Collected data entries:
(* Suppose the Lipschitz assumption holds. Then for each $t\in\mathbb N_T$ there exist constants $K^3_t,K^4_t>0$ such that for every $\gamma\in\mathcal G$ and all $z_1,z_2\in\mathcal I(\mathcal X)$, $$\|\hat f_t(z_1,\gamma)-\hat f_t(z_2,\gamma)\|_\infty\le K^3_t\|z_1-z_2\|_\infty,\qquad |\hat c_t(z_1,\gamma)-\hat c_t(z_2,\gamma)|\le K^4_t\|z_1-z_2\|_\infty.$$
   Context: Let $T\in\mathbb N$, $\mathbb N_T=\{1,\dots,T\}$, $\mathcal X,\mathcal U,\mathcal W$ finite sets, $\mathcal I(\mathcal X)=[0,1]^{\mathcal X}$. For each $t$, let $f_t:\mathcal X\times\mathcal U\times\mathcal W\times\mathcal I(\mathcal X)\to\mathcal X$, let $\mathbb P(w_t=\cdot)$ be a probability law on $\mathcal W$, and $\mathbb P(y|x,u,z)=\sum_w\mathbb 1(f_t(x,u,w,z)=y)\mathbb P(w_t=w)$; let $\ell_t:\mathcal X\times\mathcal U\times\mathcal I(\mathcal X)\to\mathbb R_{\ge0}$. Lipschitz assumption: constants $K^1_t,K^2_t>0$ with $|\mathbb P(y|x,u,z_1)-\mathbb P(y|x,u,z_2)|\le K^1_t\|z_1-z_2\|_\infty$ and $|\ell_t(x,u,z_1)-\ell_t(x,u,z_2)|\le K^2_t\|z_1-z_2\|_\infty$ for all $x,y\in\mathcal X$, $u\in\mathcal U$, $z_1,z_2\in\mathcal I(\mathcal X)$. $\mathcal G$ is the set of all maps $\gamma:\mathcal X\to\mathcal U$. For $z\in\mathcal I(\mathcal X)$: $\hat f_t(z,\gamma)(y)=\sum_{x\in\mathcal X}z(x)\mathbb P(y|x,\gamma(x),z)$, $y\in\mathcal X$, and $\hat c_t(z,\gamma)=\sum_x z(x)\ell_t(x,\gamma(x),z)$. *)

theory Defs
  imports "HOL-Analysis.Analysis"
begin

definition supnorm :: "('a::finite \<Rightarrow> real) \<Rightarrow> real" where
  "supnorm v = Max (range (\<lambda>x. \<bar>v x\<bar>))"

definition Iset :: "('a \<Rightarrow> real) set" where
  "Iset = {z. \<forall>x. 0 \<le> z x \<and> z x \<le> 1}"

definition trans_prob ::
  "(nat \<Rightarrow> 'x \<Rightarrow> 'u \<Rightarrow> 'w::finite \<Rightarrow> ('x \<Rightarrow> real) \<Rightarrow> 'x) \<Rightarrow> (nat \<Rightarrow> 'w \<Rightarrow> real)
   \<Rightarrow> nat \<Rightarrow> 'x \<Rightarrow> 'x \<Rightarrow> 'u \<Rightarrow> ('x \<Rightarrow> real) \<Rightarrow> real" where
  "trans_prob f pw t y x u z = (\<Sum>w\<in>UNIV. (if f t x u w z = y then 1 else 0) * pw t w)"

definition fhat ::
  "(nat \<Rightarrow> 'x::finite \<Rightarrow> 'u \<Rightarrow> 'w::finite \<Rightarrow> ('x \<Rightarrow> real) \<Rightarrow> 'x) \<Rightarrow> (nat \<Rightarrow> 'w \<Rightarrow> real)
   \<Rightarrow> nat \<Rightarrow> ('x \<Rightarrow> real) \<Rightarrow> ('x \<Rightarrow> 'u) \<Rightarrow> ('x \<Rightarrow> real)" where
  "fhat f pw t z \<gamma> = (\<lambda>y. \<Sum>x\<in>UNIV. z x * trans_prob f pw t y x (\<gamma> x) z)"

definition chat ::
  "(nat \<Rightarrow> 'x::finite \<Rightarrow> 'u \<Rightarrow> ('x \<Rightarrow> real) \<Rightarrow> real)
   \<Rightarrow> nat \<Rightarrow> ('x \<Rightarrow> real) \<Rightarrow> ('x \<Rightarrow> 'u) \<Rightarrow> real" where
  "chat l t z \<gamma> = (\<Sum>x\<in>UNIV. z x * l t x (\<gamma> x) z)"

end

theory Submission
  imports Defs
begin

text \<open>Both \<open>fhat\<close> and \<open>chat\<close> are weighted sums \<open>\<Sum>x. z x * g x z\<close> of functions \<open>g x\<close> that are
  Lipschitz in \<open>z\<close>. Writing \<open>z\<^sub>1 x g\<^sub>1 - z\<^sub>2 x g\<^sub>2 = (z\<^sub>1 x - z\<^sub>2 x) g\<^sub>1 + z\<^sub>2 x (g\<^sub>1 - g\<^sub>2)\<close>, each summand is
  bounded by \<open>(B + K) \<parallel>z\<^sub>1 - z\<^sub>2\<parallel>\<^sub>\<infinity>\<close> as soon as \<open>g\<close> is bounded by \<open>B\<close> and \<open>0 \<le> z\<^sub>2 \<le> 1\<close>.
  For \<open>fhat\<close> the bound is \<open>B = 1\<close> since transition probabilities lie in \<open>[0, 1]\<close>; for \<open>chat\<close>
  it comes from the Lipschitz estimate against \<open>z = 0\<close>, which lies within sup-distance 1 of
  every \<open>z \<in> Iset\<close>.\<close>

lemma abs_le_supnorm: "\<bar>v x\<bar> \<le> supnorm (v :: 'a::finite \<Rightarrow> real)"
  unfolding supnorm_def by (rule Max_ge) auto

lemma supnorm_leI: "(\<And>x. \<bar>v x\<bar> \<le> c) \<Longrightarrow> supnorm (v :: 'a::finite \<Rightarrow> real) \<le> c"
  unfolding supnorm_def by (subst Max_le_iff) auto

lemma supnorm_nonneg: "0 \<le> supnorm (v :: 'a::finite \<Rightarrow> real)"
  using abs_le_supnorm[of v undefined] by linarith

lemma Iset_abs_le_one: "z \<in> Iset \<Longrightarrow> \<bar>z x\<bar> \<le> 1"
  unfolding Iset_def by auto

lemma supnorm_Iset_le_one: "z \<in> Iset \<Longrightarrow> supnorm (z :: 'a::finite \<Rightarrow> real) \<le> 1"
  by (rule supnorm_leI) (rule Iset_abs_le_one)

lemma zero_in_Iset: "(\<lambda>_. 0) \<in> Iset"
  unfolding Iset_def by simp

lemma abs_sum_le_card_mult:
  fixes g :: "'a::finite \<Rightarrow> real"
  assumes "\<And>x. \<bar>g x\<bar> \<le> c"
  shows "\<bar>\<Sum>x\<in>UNIV. g x\<bar> \<le> real CARD('a) * c"
proof -
  have "\<bar>\<Sum>x\<in>UNIV. g x\<bar> \<le> (\<Sum>x\<in>UNIV. \<bar>g x\<bar>)" by (rule sum_abs)
  also have "\<dots> \<le> (\<Sum>x\<in>(UNIV :: 'a set). c)" by (rule sum_mono) (use assms in auto)
  finally show ?thesis by simp
qed

lemma abs_weighted_sum_diff_le:
  fixes z\<^sub>1 z\<^sub>2 g\<^sub>1 g\<^sub>2 :: "'a::finite \<Rightarrow> real"
  assumes "z\<^sub>2 \<in> Iset"
    and bounded: "\<And>x. \<bar>g\<^sub>1 x\<bar> \<le> B"
    and close: "\<And>x. \<bar>g\<^sub>1 x - g\<^sub>2 x\<bar> \<le> K * supnorm (\<lambda>v. z\<^sub>1 v - z\<^sub>2 v)"
  shows "\<bar>(\<Sum>x\<in>UNIV. z\<^sub>1 x * g\<^sub>1 x) - (\<Sum>x\<in>UNIV. z\<^sub>2 x * g\<^sub>2 x)\<bar>
           \<le> real CARD('a) * (B + K) * supnorm (\<lambda>v. z\<^sub>1 v - z\<^sub>2 v)"
proof -
  define D where "D = supnorm (\<lambda>v. z\<^sub>1 v - z\<^sub>2 v)"
  have summand: "\<bar>(z\<^sub>1 x - z\<^sub>2 x) * g\<^sub>1 x + z\<^sub>2 x * (g\<^sub>1 x - g\<^sub>2 x)\<bar> \<le> (B + K) * D" for x
  proof -
    have "\<bar>(z\<^sub>1 x - z\<^sub>2 x) * g\<^sub>1 x\<bar> \<le> D * B"
      unfolding abs_mult D_def
      by (rule mult_mono) (use abs_le_supnorm[of "\<lambda>v. z\<^sub>1 v - z\<^sub>2 v"] bounded supnorm_nonneg in auto)
    moreover have "\<bar>z\<^sub>2 x * (g\<^sub>1 x - g\<^sub>2 x)\<bar> \<le> K * D"
      unfolding abs_mult D_def
      using mult_right_mono[OF Iset_abs_le_one[OF \<open>z\<^sub>2 \<in> Iset\<close>], of "\<bar>g\<^sub>1 x - g\<^sub>2 x\<bar>" x]
        close[of x] by simp
    moreover have "(B + K) * D = D * B + K * D" by (simp add: algebra_simps)
    ultimately show ?thesis
      using abs_triangle_ineq[of "(z\<^sub>1 x - z\<^sub>2 x) * g\<^sub>1 x" "z\<^sub>2 x * (g\<^sub>1 x - g\<^sub>2 x)"] by linarith
  qed
  have "(\<Sum>x\<in>UNIV. z\<^sub>1 x * g\<^sub>1 x) - (\<Sum>x\<in>UNIV. z\<^sub>2 x * g\<^sub>2 x)
          = (\<Sum>x\<in>UNIV. (z\<^sub>1 x - z\<^sub>2 x) * g\<^sub>1 x + z\<^sub>2 x * (g\<^sub>1 x - g\<^sub>2 x))"
    unfolding sum_subtractf[symmetric] by (rule sum.cong) (auto simp: algebra_simps)
  also have "\<bar>\<dots>\<bar> \<le> real CARD('a) * ((B + K) * D)"
    by (rule abs_sum_le_card_mult) (rule summand)
  finally show ?thesis
    unfolding D_def by (simp add: mult.assoc)
qed

lemma trans_prob_nonneg:
  "(\<And>w. pw t w \<ge> 0) \<Longrightarrow> 0 \<le> trans_prob f pw t y x u z"
  unfolding trans_prob_def by (rule sum_nonneg) auto

lemma trans_prob_le_one:
  assumes "\<And>w. pw t w \<ge> 0" "(\<Sum>w\<in>UNIV. pw t w) = 1"
  shows "trans_prob f pw t y x u z \<le> 1"
proof -
  have "trans_prob f pw t y x u z \<le> (\<Sum>w\<in>UNIV. pw t w)"
    unfolding trans_prob_def by (rule sum_mono) (use assms in auto)
  then show ?thesis using assms by simp
qed

lemma fhat_lipschitz:
  fixes z\<^sub>1 z\<^sub>2 :: "'x::finite \<Rightarrow> real"
  assumes "\<And>w. pw t w \<ge> 0" "(\<Sum>w\<in>UNIV. pw t w) = 1"
    and "z\<^sub>1 \<in> Iset" "z\<^sub>2 \<in> Iset"
    and lipschitz: "\<And>x y u. \<bar>trans_prob f pw t y x u z\<^sub>1 - trans_prob f pw t y x u z\<^sub>2\<bar>
                      \<le> K * supnorm (\<lambda>v. z\<^sub>1 v - z\<^sub>2 v)"
  shows "supnorm (\<lambda>y. fhat f pw t z\<^sub>1 \<gamma> y - fhat f pw t z\<^sub>2 \<gamma> y)
           \<le> real CARD('x) * (1 + K) * supnorm (\<lambda>v. z\<^sub>1 v - z\<^sub>2 v)"
proof (rule supnorm_leI)
  fix y
  have "\<bar>trans_prob f pw t y x (\<gamma> x) z\<^sub>1\<bar> \<le> 1" for x
    using trans_prob_nonneg trans_prob_le_one assms(1,2) by (metis abs_of_nonneg)
  then show "\<bar>fhat f pw t z\<^sub>1 \<gamma> y - fhat f pw t z\<^sub>2 \<gamma> y\<bar>
               \<le> real CARD('x) * (1 + K) * supnorm (\<lambda>v. z\<^sub>1 v - z\<^sub>2 v)"
    unfolding fhat_def
    by (intro abs_weighted_sum_diff_le[OF \<open>z\<^sub>2 \<in> Iset\<close>] lipschitz)
qed

lemma chat_lipschitz:
  fixes z\<^sub>1 z\<^sub>2 :: "'x::finite \<Rightarrow> real"
  assumes "z\<^sub>2 \<in> Iset"
    and "\<And>x u. \<bar>l t x u z\<^sub>1\<bar> \<le> B"
    and "\<And>x u. \<bar>l t x u z\<^sub>1 - l t x u z\<^sub>2\<bar> \<le> K * supnorm (\<lambda>v. z\<^sub>1 v - z\<^sub>2 v)"
  shows "\<bar>chat l t z\<^sub>1 \<gamma> - chat l t z\<^sub>2 \<gamma>\<bar>
           \<le> real CARD('x) * (B + K) * supnorm (\<lambda>v. z\<^sub>1 v - z\<^sub>2 v)"
  unfolding chat_def by (rule abs_weighted_sum_diff_le) (use assms in auto)

lemma lipschitz_on_Iset_bounded:
  fixes g :: "('a::finite \<Rightarrow> real) \<Rightarrow> real"
  assumes "z \<in> Iset" "K \<ge> 0"
    and "\<bar>g z - g (\<lambda>_. 0)\<bar> \<le> K * supnorm (\<lambda>v. z v - 0)"
  shows "\<bar>g z\<bar> \<le> \<bar>g (\<lambda>_. 0)\<bar> + K"
proof -
  have "K * supnorm z \<le> K"
    using supnorm_Iset_le_one[OF \<open>z \<in> Iset\<close>] \<open>K \<ge> 0\<close> by (simp add: mult_left_le)
  then show ?thesis using assms(3) by simp
qed

theorem lemma1:
  fixes T :: nat
    and f :: "nat \<Rightarrow> 'x::finite \<Rightarrow> 'u::finite \<Rightarrow> 'w::finite \<Rightarrow> ('x \<Rightarrow> real) \<Rightarrow> 'x"
    and pw :: "nat \<Rightarrow> 'w \<Rightarrow> real"
    and l :: "nat \<Rightarrow> 'x \<Rightarrow> 'u \<Rightarrow> ('x \<Rightarrow> real) \<Rightarrow> real"
  assumes pw_nonneg: "\<And>t w. t \<in> {1..T} \<Longrightarrow> pw t w \<ge> 0"
    and pw_sum: "\<And>t. t \<in> {1..T} \<Longrightarrow> (\<Sum>w\<in>UNIV. pw t w) = 1"
    and l_nonneg: "\<And>t x u z. t \<in> {1..T} \<Longrightarrow> z \<in> Iset \<Longrightarrow> l t x u z \<ge> 0"
    and lipschitz: "\<And>t. t \<in> {1..T} \<Longrightarrow> \<exists>K1 K2. K1 > 0 \<and> K2 > 0 \<and>
        (\<forall>x y u z1 z2. z1 \<in> Iset \<longrightarrow> z2 \<in> Iset \<longrightarrow>
           \<bar>trans_prob f pw t y x u z1 - trans_prob f pw t y x u z2\<bar> \<le> K1 * supnorm (\<lambda>v. z1 v - z2 v)) \<and>
        (\<forall>x u z1 z2. z1 \<in> Iset \<longrightarrow> z2 \<in> Iset \<longrightarrow>
           \<bar>l t x u z1 - l t x u z2\<bar> \<le> K2 * supnorm (\<lambda>v. z1 v - z2 v))"
  shows "\<forall>t \<in> {1..T}. \<exists>K3 K4. K3 > 0 \<and> K4 > 0 \<and>
        (\<forall>\<gamma> z1 z2. z1 \<in> Iset \<longrightarrow> z2 \<in> Iset \<longrightarrow>
           supnorm (\<lambda>y. fhat f pw t z1 \<gamma> y - fhat f pw t z2 \<gamma> y) \<le> K3 * supnorm (\<lambda>v. z1 v - z2 v) \<and>
           \<bar>chat l t z1 \<gamma> - chat l t z2 \<gamma>\<bar> \<le> K4 * supnorm (\<lambda>v. z1 v - z2 v))"
proof
  fix t assume t: "t \<in> {1..T}"
  obtain K1 K2 where "K1 > 0" "K2 > 0"
    and L1: "\<And>x y u z1 z2. z1 \<in> Iset \<Longrightarrow> z2 \<in> Iset \<Longrightarrow>
           \<bar>trans_prob f pw t y x u z1 - trans_prob f pw t y x u z2\<bar> \<le> K1 * supnorm (\<lambda>v. z1 v - z2 v)"
    and L2: "\<And>x u z1 z2. z1 \<in> Iset \<Longrightarrow> z2 \<in> Iset \<Longrightarrow>
           \<bar>l t x u z1 - l t x u z2\<bar> \<le> K2 * supnorm (\<lambda>v. z1 v - z2 v)"
    using lipschitz[OF t] by blast
  define M where "M = Max (range (\<lambda>(x, u). \<bar>l t x u (\<lambda>_. 0)\<bar>))"
  have l_at_zero: "\<bar>l t x u (\<lambda>_. 0)\<bar> \<le> M" for x u
    unfolding M_def by (rule Max_ge) auto
  have l_bounded: "\<bar>l t x u z\<bar> \<le> M + K2" if "z \<in> Iset" for x u z
    using lipschitz_on_Iset_bounded[OF that, of K2 "l t x u"] L2[OF that zero_in_Iset]
      l_at_zero[of x u] \<open>K2 > 0\<close> by simp
  have "M \<ge> 0" using l_at_zero[of undefined undefined] by linarith
  show "\<exists>K3 K4. K3 > 0 \<and> K4 > 0 \<and>
        (\<forall>\<gamma> z1 z2. z1 \<in> Iset \<longrightarrow> z2 \<in> Iset \<longrightarrow>
           supnorm (\<lambda>y. fhat f pw t z1 \<gamma> y - fhat f pw t z2 \<gamma> y) \<le> K3 * supnorm (\<lambda>v. z1 v - z2 v) \<and>
           \<bar>chat l t z1 \<gamma> - chat l t z2 \<gamma>\<bar> \<le> K4 * supnorm (\<lambda>v. z1 v - z2 v))"
  proof (intro exI conjI allI impI)
    show "real CARD('x) * (1 + K1) > 0" "real CARD('x) * (M + K2 + K2) > 0"
      using \<open>K1 > 0\<close> \<open>K2 > 0\<close> \<open>M \<ge> 0\<close> by simp_all
    fix \<gamma> :: "'x \<Rightarrow> 'u" and z1 z2 :: "'x \<Rightarrow> real"
    assume "z1 \<in> Iset" "z2 \<in> Iset"
    then show "supnorm (\<lambda>y. fhat f pw t z1 \<gamma> y - fhat f pw t z2 \<gamma> y)
                 \<le> real CARD('x) * (1 + K1) * supnorm (\<lambda>v. z1 v - z2 v)"
      by (intro fhat_lipschitz pw_nonneg[OF t] pw_sum[OF t] L1)
    show "\<bar>chat l t z1 \<gamma> - chat l t z2 \<gamma>\<bar>
            \<le> real CARD('x) * (M + K2 + K2) * supnorm (\<lambda>v. z1 v - z2 v)"
      using \<open>z1 \<in> Iset\<close> \<open>z2 \<in> Iset\<close> by (intro chat_lipschitz l_bounded L2)
  qed
qed

end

## WORK TASK:
Retype, exactly and in full, the lines above from the one containing "fixes T :: nat" through the one containing "Iset \<Longrightarrow> l".

## RESPONSE TO THE EXERCISE:
  fixes T :: nat
    and f :: "nat \<Rightarrow> 'x::finite \<Rightarrow> 'u::finite \<Rightarrow> 'w::finite \<Rightarrow> ('x \<Rightarrow> real) \<Rightarrow> 'x"
    and pw :: "nat \<Rightarrow> 'w \<Rightarrow> real"
    and l :: "nat \<Rightarrow> 'x \<Rightarrow> 'u \<Rightarrow> ('x \<Rightarrow> real) \<Rightarrow> real"
  assumes pw_nonneg: "\<And>t w. t \<in> {1..T} \<Longrightarrow> pw t w \<ge> 0"
    and pw_sum: "\<And>t. t \<in> {1..T} \<Longrightarrow> (\<Sum>w\<in>UNIV. pw t w) = 1"
    and l_nonneg: "\<And>t x u z. t \<in> {1..T} \<Longrightarrow> z \<in> Iset \<Longrightarrow> l t x u z \<ge> 0"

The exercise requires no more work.